# Dataset records

(* Let $J$ be any nonempty real interval, possibly unbounded. A function $f\colon J^n\to\mathbb{R}$ is comonotonically modular if and only if it is comonotonically separable, that is, for every $\sigma\in S_n$ there exist functions $f^\sigma_i\colon J\to\mathbb{R}$, $i\in[n]$, such that $$f(\mathbf{x})=\sum_{i=1}^n f^\sigma_i(x_{\sigma(i)})\qquad\text{for all }\mathbf{x}\in J^n\cap\mathbb{R}^n_\sigma.$$
   Context: Notation: $[n]=\{1,\ldots,n\}$; $S_n$ is the set of permutations of $[n]$; for $\sigma\in S_n$, $\mathbb{R}^n_\sigma=\{\mathbf{x}\in\mathbb{R}^n: x_{\sigma(1)}\leq\cdots\leq x_{\sigma(n)}\}$. Two tuples $\mathbf{x},\mathbf{x}'\in J^n$ are comonotonic if both lie in $J^n\cap\mathbb{R}^n_\sigma$ for some $\sigma\in S_n$. A function $f\colon J^n\to\mathbb{R}$ is comonotonically modular if $f(\mathbf{x})+f(\mathbf{x}')=f(\mathbf{x}\wedge\mathbf{x}')+f(\mathbf{x}\vee\mathbf{x}')$ for all comonotonic $\mathbf{x},\mathbf{x}'\in J^n$, where $\wedge,\vee$ are componentwise min and max. *)

theory Defs
  imports "HOL-Analysis.Analysis" "HOL-Combinatorics.Permutations"
begin

text \<open>Tuples in J^n are modelled as functions nat \<Rightarrow> real indexed by 1..n,
  extensional (value 0 outside {1..n}).\<close>

definition tuples :: "real set \<Rightarrow> nat \<Rightarrow> (nat \<Rightarrow> real) set" where
  "tuples J n = {x. (\<forall>i\<in>{1..n}. x i \<in> J) \<and> (\<forall>i. i \<notin> {1..n} \<longrightarrow> x i = 0)}"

# Action item
Your answer should be the listing itself, repeated exactly.

# Answer below
(* Let $J$ be any nonempty real interval, possibly unbounded. A function $f\colon J^n\to\mathbb{R}$ is comonotonically modular if and only if it is comonotonically separable, that is, for every $\sigma\in S_n$ there exist functions $f^\sigma_i\colon J\to\mathbb{R}$, $i\in[n]$, such that $$f(\mathbf{x})=\sum_{i=1}^n f^\sigma_i(x_{\sigma(i)})\qquad\text{for all }\mathbf{x}\in J^n\cap\mathbb{R}^n_\sigma.$$
   Context: Notation: $[n]=\{1,\ldots,n\}$; $S_n$ is the set of permutations of $[n]$; for $\sigma\in S_n$, $\mathbb{R}^n_\sigma=\{\mathbf{x}\in\mathbb{R}^n: x_{\sigma(1)}\leq\cdots\leq x_{\sigma(n)}\}$. Two tuples $\mathbf{x},\mathbf{x}'\in J^n$ are comonotonic if both lie in $J^n\cap\mathbb{R}^n_\sigma$ for some $\sigma\in S_n$. A function $f\colon J^n\to\mathbb{R}$ is comonotonically modular if $f(\mathbf{x})+f(\mathbf{x}')=f(\mathbf{x}\wedge\mathbf{x}')+f(\mathbf{x}\vee\mathbf{x}')$ for all comonotonic $\mathbf{x},\mathbf{x}'\in J^n$, where $\wedge,\vee$ are componentwise min and max. *)

theory Defs
  imports "HOL-Analysis.Analysis" "HOL-Combinatorics.Permutations"
begin

text \<open>Tuples in J^n are modelled as functions nat \<Rightarrow> real indexed by 1..n,
  extensional (value 0 outside {1..n}).\<close>

definition tuples :: "real set \<Rightarrow> nat \<Rightarrow> (nat \<Rightarrow> real) set" where
  "tuples J n = {x. (\<forall>i\<in>{1..n}. x i \<in> J) \<and> (\<forall>i. i \<notin> {1..n} \<longrightarrow> x i = 0)}"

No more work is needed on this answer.